Rob’s Rule #8 – Right is right. Guests will tend to veer right when approaching the buffet line so if you have a large round buffet, arrange the plates on the left and guests will then travel counterclockwise through the buffet. Buffet signage is very effective in providing instruction without being intrusive. If the arrow points to the right, hopefully the guest will go right. If you list the buffet items, you won’t be asked all night if it is chicken or fish. “What kind of chicken?” “Is it free range chicken?” “Is it organic chicken?” “Are there spices on the chicken?” “Was it a happy chicken?”…
I am frequently appalled by the lack of manners individuals use when going through a buffet. The buffet line is a means to get food. It is there for all the guests, and all the guests must share the utensils and culinary items. The following are pet peeves of mine concerning buffets:
• The buffet line goes in one direction. It starts at the end where the plates are and finishes at the opposite end. Guests look stupid when they go in the wrong direction or decide to skip some items and butt in front of guests to get another. In order for everyone to eat on a timely basis, keep your personal conversations at a minimum and don’t stop and chat while others are waiting behind you. It is perfectly acceptable to say, “It is so good to see you. Let me get through the buffet line and set this plate down and then we can catch up!”
• Never carry your drink through the buffet line. You have to set it down, and it is poor hygiene to do so on a table where everyone gets their food items. GROSS! And it is inevitable that people will spill their coffee or drink in front of everyone while they try to manage a plate and a beverage simultaneously. It really makes the individual look uncoordinated.
• Every food item has a utensil or serving spoon for you to serve yourself. You use this utensil for that food item only. I have seen individuals use a spoon intended for one item and pick up another food item, or use a spoon for mashed potatoes to drizzle on some gravy or sauce … Yuck! Not only is that mixing culinary flavors, it is just plain unsafe with all the food allergies going on today. If you cannot be patient enough for the person in front of you to finish before grasping the next item, you should eat a small snack prior to coming to the event.
• Personal items such as your purse, notebook, briefcase or backpack are never to be placed on a buffet table or station, even for a moment while you need to find a business card or heap your plate full. And used plates, flatware and napkins should NEVER be placed on the buffet table. It is the host’s responsibility to have servers clearing tables or have trays set up for dirty items. Leave your plate where it is if you don’t know what to do with it.
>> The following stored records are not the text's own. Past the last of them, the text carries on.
text \<open>Writing \<open>n = dH\<close> and
  \<open>w = dS\<close>, one has \<open>g w = (n\<bullet>w) n - (n\<bullet>n) w\<close>, which for \<open>n \<noteq> 0\<close> vanishes iff \<open>w\<close>
  annihilates \<open>n\<^sup>\<bottom>\<close>.  It remains to see that \<open>n\<^sup>\<bottom>\<close> is exactly the set of velocities at \<open>x\<close>
  of curves in the level set \<open>{H = H x}\<close>.  This weak implicit function theorem needs only
  continuity of \<open>H\<close> and differentiability at \<open>x\<close>: for \<open>v \<bottom> n\<close> and small \<open>t\<close>, the function
  \<open>s \<mapsto> H (x + t v + s n) - H x\<close> changes sign on \<open>|s| \<le> \<epsilon> |t|\<close>, so its root \<open>\<sigma> t\<close> of
  least modulus is \<open>o(t)\<close> and \<open>t \<mapsto> x + t v + \<sigma> t n\<close> is the required curve.\<close>

lemma smooth_imp_continuous_on: "smooth f \<Longrightarrow> continuous_on UNIV f"
  unfolding smooth_def by (metis Ck.simps(1))

lemma smooth_imp_differentiable: "smooth f \<Longrightarrow> f differentiable (at y)"
  unfolding smooth_def by (metis Ck.simps(2))

lemma linear_vec_eq_inner_axis:
  fixes f :: "real^'n \<Rightarrow> real"
  assumes "linear f"
  shows "f h = (\<chi> i. f (axis i 1)) \<bullet> h"
proof -
  have "f h = f (\<Sum>i\<in>UNIV. (h$i) *s axis i 1)" by (simp add: basis_expansion)
  also have "\<dots> = (\<Sum>i\<in>UNIV. h$i * f (axis i 1))"
    using assms by (simp add: linear_sum linear_scale scalar_mult_eq_scaleR)
  also have "\<dots> = (\<chi> i. f (axis i 1)) \<bullet> h" by (simp add: inner_vec_def mult.commute)
  finally show ?thesis .
qed

lemma has_derivative_grad:
  assumes "f differentiable (at y)"
  shows "(f has_derivative (\<lambda>h. grad f y \<bullet> h)) (at y)"
proof -
  have D: "(f has_derivative frechet_derivative f (at y)) (at y)"
    using assms frechet_derivative_works by blast
  have "frechet_derivative f (at y) h = grad f y \<bullet> h" for h
    by (subst linear_vec_eq_inner_axis[OF has_derivative_linear[OF D]])
      (simp add: grad_def partial_def)
  then have "frechet_derivative f (at y) = (\<lambda>h. grad f y \<bullet> h)" by blast
  with D show ?thesis by simp
qed

lemma gtensor_mult_vec:
  "gtensor H x *v w = (grad H x \<bullet> w) *\<^sub>R grad H x - (grad H x \<bullet> grad H x) *\<^sub>R w"
proof -
  define n where "n = grad H x"
  have "(gtensor H x *v w) $ i =
      (\<Sum>j\<in>UNIV. n$i * n$j * w$j - (if i = j then (n \<bullet> n) * w$j else 0))" for i
    unfolding gtensor_def matrix_vector_mult_def n_def[symmetric]
    by (simp, intro sum.cong refl) (simp add: inner_vec_def left_diff_distrib)
  also have "\<dots> i = n$i * (\<Sum>j\<in>UNIV. n$j * w$j) - (n \<bullet> n) * w$i" for i
    by (simp add: sum_subtractf sum_distrib_left mult.assoc)
  finally show ?thesis
    by (simp add: vec_eq_iff n_def[symmetric] inner_vec_def mult.commute)
qed
text \<open>The subring \<open>A\<close> need not contain \<open>1\<close>; the nonzero element \<open>u\<close> replaces it.\<close>

lemma subring_linear_system_nontrivial_solution:
  fixes v :: "'i \<Rightarrow> 'j \<Rightarrow> 'r"
  assumes u: "u \<in> A" "u \<noteq> 0"
  shows "finite J \<Longrightarrow> finite I \<Longrightarrow> card J < card I \<Longrightarrow> \<forall>i\<in>I. \<forall>j\<in>J. v i j \<in> A \<Longrightarrow>
    \<exists>e. (\<forall>i\<in>I. e i \<in> A) \<and> (\<exists>i\<in>I. e i \<noteq> 0) \<and> (\<forall>j\<in>J. (\<Sum>i\<in>I. e i * v i j) = 0)"
proof (induction J arbitrary: I v rule: finite_induct)
  case empty
  then obtain i0 where "i0 \<in> I"
    by fastforce
  then show ?case
    using u zero by (intro exI[of _ "\<lambda>i. if i = i0 then u else 0"]) auto
next
  case (insert j J)
  show ?case
  proof (cases "\<forall>i\<in>I. v i j = 0")
    case True
    have "card J < card I"
      using insert by simp
    then obtain e where "\<forall>i\<in>I. e i \<in> A" "\<exists>i\<in>I. e i \<noteq> 0" "\<forall>j'\<in>J. (\<Sum>i\<in>I. e i * v i j') = 0"
      using insert.IH[of I v] insert.prems by blast
    then show ?thesis
      using True by (intro exI[of _ e]) auto
  next
    case False
    then obtain i0 where i0: "i0 \<in> I" "v i0 j \<noteq> 0"
      by blast
    define w where "w i j' = v i0 j * v i j' - v i j * v i0 j'" for i j'
    have "w i j' \<in> A" if "i \<in> I" "j' \<in> J" for i j'
    proof -
      have "v i0 j * v i j' + - (v i j * v i0 j') \<in> A"
        using insert.prems(3) i0(1) that by (intro add mult uminus) auto
      then show ?thesis
        by (simp add: w_def)
    qed
    then have "\<forall>i\<in>I - {i0}. \<forall>j'\<in>J. w i j' \<in> A"
      by blast
    moreover have "card J < card (I - {i0})"
      using insert.prems insert.hyps i0(1) by (simp add: card_Diff_singleton)
    ultimately obtain e where e: "\<forall>i\<in>I - {i0}. e i \<in> A" "\<exists>i\<in>I - {i0}. e i \<noteq> 0"
        "\<forall>j'\<in>J. (\<Sum>i\<in>I - {i0}. e i * w i j') = 0"
      using insert.IH[of "I - {i0}" w] insert.prems(1) by auto
    have v_j: "\<forall>i\<in>I. v i j \<in> A"
      using insert.prems(3) by blast
    have "(\<Sum>i\<in>I - {i0}. e i * w i j') = 0" if "j' \<in> insert j J" for j'
      using that e(3) by (auto simp: w_def mult.commute)
    then show ?thesis
      using linear_system_lift_solution[where v = v and j = j and e = e, OF insert.prems(1) i0(1) v_j i0(2) e(1,2)]
      unfolding w_def by (intro exI) auto
  qed
qed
• You should never eat directly from the buffet with your fingers, or nibble as you go down the buffet line. It is disgusting. I have had individuals argue with me that they are not hurting anyone by eating a cube of cheese or one item that they picked up out of a pan. I then point out that the same hand they just touched their mouth with is touching all the serving utensils down the buffet, and they have successfully cross-contaminated everything in the room. If you cannot control yourself enough to wait until you reach the table to eat, call Jenny Craig and get some counseling.